Problem statement - Every line from the one containing "by (simp flip: mult.assoc)" through the last line below should be reproduced exactly; please include nothing else.
::::
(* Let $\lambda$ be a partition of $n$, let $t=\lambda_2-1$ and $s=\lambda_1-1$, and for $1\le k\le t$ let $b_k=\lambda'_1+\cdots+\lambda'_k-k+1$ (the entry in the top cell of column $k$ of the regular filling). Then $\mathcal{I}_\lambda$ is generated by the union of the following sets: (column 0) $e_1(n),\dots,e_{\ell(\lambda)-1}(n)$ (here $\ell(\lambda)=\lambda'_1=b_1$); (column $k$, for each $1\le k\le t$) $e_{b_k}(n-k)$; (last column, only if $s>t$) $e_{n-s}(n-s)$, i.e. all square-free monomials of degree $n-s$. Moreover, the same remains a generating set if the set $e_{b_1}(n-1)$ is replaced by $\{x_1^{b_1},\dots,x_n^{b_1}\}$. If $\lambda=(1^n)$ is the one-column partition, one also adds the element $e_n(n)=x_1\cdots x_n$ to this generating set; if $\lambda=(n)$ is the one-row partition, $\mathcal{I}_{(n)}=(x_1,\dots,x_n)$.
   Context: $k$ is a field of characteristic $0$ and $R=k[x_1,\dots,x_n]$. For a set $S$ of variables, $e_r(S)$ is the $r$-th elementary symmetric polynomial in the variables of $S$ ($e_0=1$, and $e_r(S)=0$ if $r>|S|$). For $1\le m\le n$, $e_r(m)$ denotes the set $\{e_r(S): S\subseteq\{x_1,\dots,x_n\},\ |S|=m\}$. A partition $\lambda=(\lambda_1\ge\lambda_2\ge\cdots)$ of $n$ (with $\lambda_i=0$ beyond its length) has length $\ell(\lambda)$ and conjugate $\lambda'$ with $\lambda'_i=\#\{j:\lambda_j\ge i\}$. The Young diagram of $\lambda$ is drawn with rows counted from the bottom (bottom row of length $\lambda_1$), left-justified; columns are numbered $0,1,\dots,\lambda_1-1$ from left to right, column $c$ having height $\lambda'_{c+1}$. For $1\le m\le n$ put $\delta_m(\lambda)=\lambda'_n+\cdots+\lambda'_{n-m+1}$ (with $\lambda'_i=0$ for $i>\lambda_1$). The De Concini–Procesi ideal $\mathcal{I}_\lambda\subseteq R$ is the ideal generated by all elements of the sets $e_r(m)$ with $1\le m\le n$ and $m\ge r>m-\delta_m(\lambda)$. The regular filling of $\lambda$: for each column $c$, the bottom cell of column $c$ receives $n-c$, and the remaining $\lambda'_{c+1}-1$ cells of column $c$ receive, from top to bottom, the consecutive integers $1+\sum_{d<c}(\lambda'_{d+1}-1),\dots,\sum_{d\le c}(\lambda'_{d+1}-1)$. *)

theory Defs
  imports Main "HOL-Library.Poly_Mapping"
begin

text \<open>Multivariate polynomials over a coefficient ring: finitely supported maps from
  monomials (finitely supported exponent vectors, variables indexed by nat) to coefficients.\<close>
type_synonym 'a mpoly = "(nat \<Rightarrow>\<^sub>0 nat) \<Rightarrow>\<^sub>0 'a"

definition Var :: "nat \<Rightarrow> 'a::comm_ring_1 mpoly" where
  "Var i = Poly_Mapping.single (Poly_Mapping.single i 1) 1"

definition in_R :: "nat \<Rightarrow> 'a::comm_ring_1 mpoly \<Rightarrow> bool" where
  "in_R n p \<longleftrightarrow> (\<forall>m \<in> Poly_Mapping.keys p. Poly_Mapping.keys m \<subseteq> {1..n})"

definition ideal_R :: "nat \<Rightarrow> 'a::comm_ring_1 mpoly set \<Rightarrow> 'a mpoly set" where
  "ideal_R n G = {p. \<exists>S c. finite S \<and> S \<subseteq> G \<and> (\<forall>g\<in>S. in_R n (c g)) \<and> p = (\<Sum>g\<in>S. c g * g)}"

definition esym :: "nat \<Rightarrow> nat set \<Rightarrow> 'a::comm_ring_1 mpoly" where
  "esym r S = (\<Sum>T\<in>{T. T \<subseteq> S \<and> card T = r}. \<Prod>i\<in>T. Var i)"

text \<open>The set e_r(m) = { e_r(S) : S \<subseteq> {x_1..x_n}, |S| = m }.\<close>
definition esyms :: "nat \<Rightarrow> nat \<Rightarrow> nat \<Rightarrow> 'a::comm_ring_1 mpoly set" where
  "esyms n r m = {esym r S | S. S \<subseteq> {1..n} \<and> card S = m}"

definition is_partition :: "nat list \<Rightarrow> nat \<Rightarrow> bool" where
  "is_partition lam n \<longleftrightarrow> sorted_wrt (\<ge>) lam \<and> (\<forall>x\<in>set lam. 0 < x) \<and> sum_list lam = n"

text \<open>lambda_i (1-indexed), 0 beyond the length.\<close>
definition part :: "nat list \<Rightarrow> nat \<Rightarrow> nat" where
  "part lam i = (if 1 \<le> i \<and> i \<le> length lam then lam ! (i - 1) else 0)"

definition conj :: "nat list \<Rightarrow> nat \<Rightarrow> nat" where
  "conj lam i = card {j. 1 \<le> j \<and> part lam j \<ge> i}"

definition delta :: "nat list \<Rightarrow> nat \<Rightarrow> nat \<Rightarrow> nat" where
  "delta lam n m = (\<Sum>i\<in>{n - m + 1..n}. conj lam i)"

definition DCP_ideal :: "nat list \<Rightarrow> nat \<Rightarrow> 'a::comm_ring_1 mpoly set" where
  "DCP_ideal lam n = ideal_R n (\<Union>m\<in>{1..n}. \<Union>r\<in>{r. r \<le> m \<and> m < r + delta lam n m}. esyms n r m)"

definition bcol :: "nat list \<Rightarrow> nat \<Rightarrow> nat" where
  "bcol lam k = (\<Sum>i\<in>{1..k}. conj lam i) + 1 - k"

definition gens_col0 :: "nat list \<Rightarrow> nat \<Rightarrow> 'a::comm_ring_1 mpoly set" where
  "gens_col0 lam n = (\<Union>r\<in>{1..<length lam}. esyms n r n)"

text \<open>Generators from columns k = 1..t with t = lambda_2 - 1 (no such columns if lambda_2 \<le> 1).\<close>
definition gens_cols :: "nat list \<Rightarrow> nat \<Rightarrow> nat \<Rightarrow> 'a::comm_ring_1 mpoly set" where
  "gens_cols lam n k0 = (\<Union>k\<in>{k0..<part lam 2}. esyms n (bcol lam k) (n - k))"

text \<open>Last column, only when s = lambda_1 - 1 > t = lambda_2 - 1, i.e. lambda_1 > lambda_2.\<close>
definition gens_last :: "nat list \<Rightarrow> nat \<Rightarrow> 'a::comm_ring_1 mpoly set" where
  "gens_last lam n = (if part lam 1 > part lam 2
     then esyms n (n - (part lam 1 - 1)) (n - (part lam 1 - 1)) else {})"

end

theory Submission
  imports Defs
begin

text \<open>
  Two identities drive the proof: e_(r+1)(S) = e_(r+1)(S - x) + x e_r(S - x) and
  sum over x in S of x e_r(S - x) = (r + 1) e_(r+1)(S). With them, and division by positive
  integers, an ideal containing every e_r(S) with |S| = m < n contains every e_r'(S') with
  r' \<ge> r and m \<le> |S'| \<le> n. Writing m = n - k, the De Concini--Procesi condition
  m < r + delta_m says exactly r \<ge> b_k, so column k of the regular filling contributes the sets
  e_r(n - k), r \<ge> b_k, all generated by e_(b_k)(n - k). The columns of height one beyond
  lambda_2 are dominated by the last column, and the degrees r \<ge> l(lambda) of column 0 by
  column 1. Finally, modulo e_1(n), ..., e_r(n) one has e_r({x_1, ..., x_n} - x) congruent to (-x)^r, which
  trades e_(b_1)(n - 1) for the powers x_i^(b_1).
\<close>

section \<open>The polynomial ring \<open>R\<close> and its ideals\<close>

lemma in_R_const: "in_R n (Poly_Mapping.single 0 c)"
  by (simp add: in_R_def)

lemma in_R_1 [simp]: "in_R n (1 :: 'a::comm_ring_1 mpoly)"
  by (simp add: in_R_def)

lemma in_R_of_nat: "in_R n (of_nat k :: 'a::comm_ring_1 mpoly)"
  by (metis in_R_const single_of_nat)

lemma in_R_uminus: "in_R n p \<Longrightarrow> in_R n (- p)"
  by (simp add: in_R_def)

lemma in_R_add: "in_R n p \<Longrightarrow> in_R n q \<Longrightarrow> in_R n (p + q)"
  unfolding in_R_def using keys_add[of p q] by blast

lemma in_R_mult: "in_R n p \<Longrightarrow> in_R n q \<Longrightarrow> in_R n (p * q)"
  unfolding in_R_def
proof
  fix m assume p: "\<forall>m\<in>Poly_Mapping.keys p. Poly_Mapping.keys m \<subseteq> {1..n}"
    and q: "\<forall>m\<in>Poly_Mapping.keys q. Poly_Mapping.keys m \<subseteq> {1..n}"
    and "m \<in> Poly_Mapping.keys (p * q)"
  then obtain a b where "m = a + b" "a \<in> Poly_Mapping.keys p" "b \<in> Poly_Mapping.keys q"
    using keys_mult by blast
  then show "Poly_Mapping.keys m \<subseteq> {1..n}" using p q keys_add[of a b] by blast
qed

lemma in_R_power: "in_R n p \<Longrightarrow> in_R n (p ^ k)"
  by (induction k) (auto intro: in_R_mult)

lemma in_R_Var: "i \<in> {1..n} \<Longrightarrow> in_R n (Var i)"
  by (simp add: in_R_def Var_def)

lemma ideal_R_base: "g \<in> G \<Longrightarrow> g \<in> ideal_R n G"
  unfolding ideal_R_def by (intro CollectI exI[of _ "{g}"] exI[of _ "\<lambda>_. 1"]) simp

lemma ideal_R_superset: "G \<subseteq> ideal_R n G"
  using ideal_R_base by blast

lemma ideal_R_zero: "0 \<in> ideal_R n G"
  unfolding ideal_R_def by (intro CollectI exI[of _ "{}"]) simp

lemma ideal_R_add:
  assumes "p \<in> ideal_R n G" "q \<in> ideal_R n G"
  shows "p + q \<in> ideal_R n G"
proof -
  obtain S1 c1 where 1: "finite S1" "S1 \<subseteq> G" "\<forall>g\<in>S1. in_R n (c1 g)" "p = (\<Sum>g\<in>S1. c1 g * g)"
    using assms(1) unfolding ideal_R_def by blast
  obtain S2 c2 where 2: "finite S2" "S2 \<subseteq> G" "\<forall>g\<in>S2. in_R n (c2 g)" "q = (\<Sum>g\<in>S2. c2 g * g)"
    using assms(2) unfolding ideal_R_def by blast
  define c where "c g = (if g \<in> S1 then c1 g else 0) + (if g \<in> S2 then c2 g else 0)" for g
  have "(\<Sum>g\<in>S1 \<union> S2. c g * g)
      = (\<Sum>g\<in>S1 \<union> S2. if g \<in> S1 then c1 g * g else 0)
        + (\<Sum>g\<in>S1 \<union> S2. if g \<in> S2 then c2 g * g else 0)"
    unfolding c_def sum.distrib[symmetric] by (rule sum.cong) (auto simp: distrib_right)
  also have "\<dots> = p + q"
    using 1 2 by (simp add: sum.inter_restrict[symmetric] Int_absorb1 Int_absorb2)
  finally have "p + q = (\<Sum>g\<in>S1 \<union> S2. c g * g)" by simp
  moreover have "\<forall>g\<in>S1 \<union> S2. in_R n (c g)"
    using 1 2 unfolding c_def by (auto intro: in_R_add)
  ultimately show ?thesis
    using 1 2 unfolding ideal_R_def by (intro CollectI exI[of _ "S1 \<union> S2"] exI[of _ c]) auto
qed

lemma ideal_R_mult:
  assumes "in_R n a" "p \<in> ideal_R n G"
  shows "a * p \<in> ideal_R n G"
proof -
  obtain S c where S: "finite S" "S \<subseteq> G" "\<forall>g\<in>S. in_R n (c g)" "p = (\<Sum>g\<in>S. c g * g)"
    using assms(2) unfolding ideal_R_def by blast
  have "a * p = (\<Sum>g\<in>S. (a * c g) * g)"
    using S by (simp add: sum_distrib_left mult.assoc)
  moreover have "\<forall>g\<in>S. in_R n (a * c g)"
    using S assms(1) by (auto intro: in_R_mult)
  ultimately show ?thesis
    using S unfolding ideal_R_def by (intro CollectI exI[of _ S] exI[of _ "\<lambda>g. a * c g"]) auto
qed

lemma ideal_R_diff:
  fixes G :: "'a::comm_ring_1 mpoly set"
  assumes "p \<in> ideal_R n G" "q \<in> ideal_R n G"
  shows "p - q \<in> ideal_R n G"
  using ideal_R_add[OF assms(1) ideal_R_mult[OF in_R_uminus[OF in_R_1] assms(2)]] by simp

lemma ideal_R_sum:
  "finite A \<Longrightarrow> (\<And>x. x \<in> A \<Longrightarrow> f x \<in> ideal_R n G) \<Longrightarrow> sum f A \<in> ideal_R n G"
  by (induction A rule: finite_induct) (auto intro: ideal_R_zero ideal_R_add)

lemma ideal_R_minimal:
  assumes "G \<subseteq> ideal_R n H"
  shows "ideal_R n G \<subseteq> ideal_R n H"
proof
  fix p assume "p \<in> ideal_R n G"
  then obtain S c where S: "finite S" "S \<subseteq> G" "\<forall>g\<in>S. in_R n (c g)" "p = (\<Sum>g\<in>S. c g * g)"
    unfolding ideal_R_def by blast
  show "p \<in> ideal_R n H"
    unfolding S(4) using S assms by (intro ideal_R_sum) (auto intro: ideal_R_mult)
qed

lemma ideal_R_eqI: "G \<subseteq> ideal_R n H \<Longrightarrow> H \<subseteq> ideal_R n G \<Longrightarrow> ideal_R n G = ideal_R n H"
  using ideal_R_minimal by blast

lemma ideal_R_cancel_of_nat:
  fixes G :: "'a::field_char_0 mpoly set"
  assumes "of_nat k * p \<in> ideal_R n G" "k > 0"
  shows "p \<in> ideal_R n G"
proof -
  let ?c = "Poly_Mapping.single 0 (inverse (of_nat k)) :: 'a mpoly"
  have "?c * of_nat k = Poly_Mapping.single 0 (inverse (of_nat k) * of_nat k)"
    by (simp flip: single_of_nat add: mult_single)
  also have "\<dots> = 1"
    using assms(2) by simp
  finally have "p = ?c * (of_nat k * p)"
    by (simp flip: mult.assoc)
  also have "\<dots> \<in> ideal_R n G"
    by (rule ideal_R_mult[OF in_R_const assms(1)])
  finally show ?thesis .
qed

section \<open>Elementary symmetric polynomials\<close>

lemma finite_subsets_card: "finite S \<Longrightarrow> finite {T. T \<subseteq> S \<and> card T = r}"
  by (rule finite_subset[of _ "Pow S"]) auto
::::
Solution for this task -
    by (simp flip: mult.assoc)
  also have "\<dots> \<in> ideal_R n G"
    by (rule ideal_R_mult[OF in_R_const assms(1)])
  finally show ?thesis .
qed

section \<open>Elementary symmetric polynomials\<close>

lemma finite_subsets_card: "finite S \<Longrightarrow> finite {T. T \<subseteq> S \<and> card T = r}"
  by (rule finite_subset[of _ "Pow S"]) auto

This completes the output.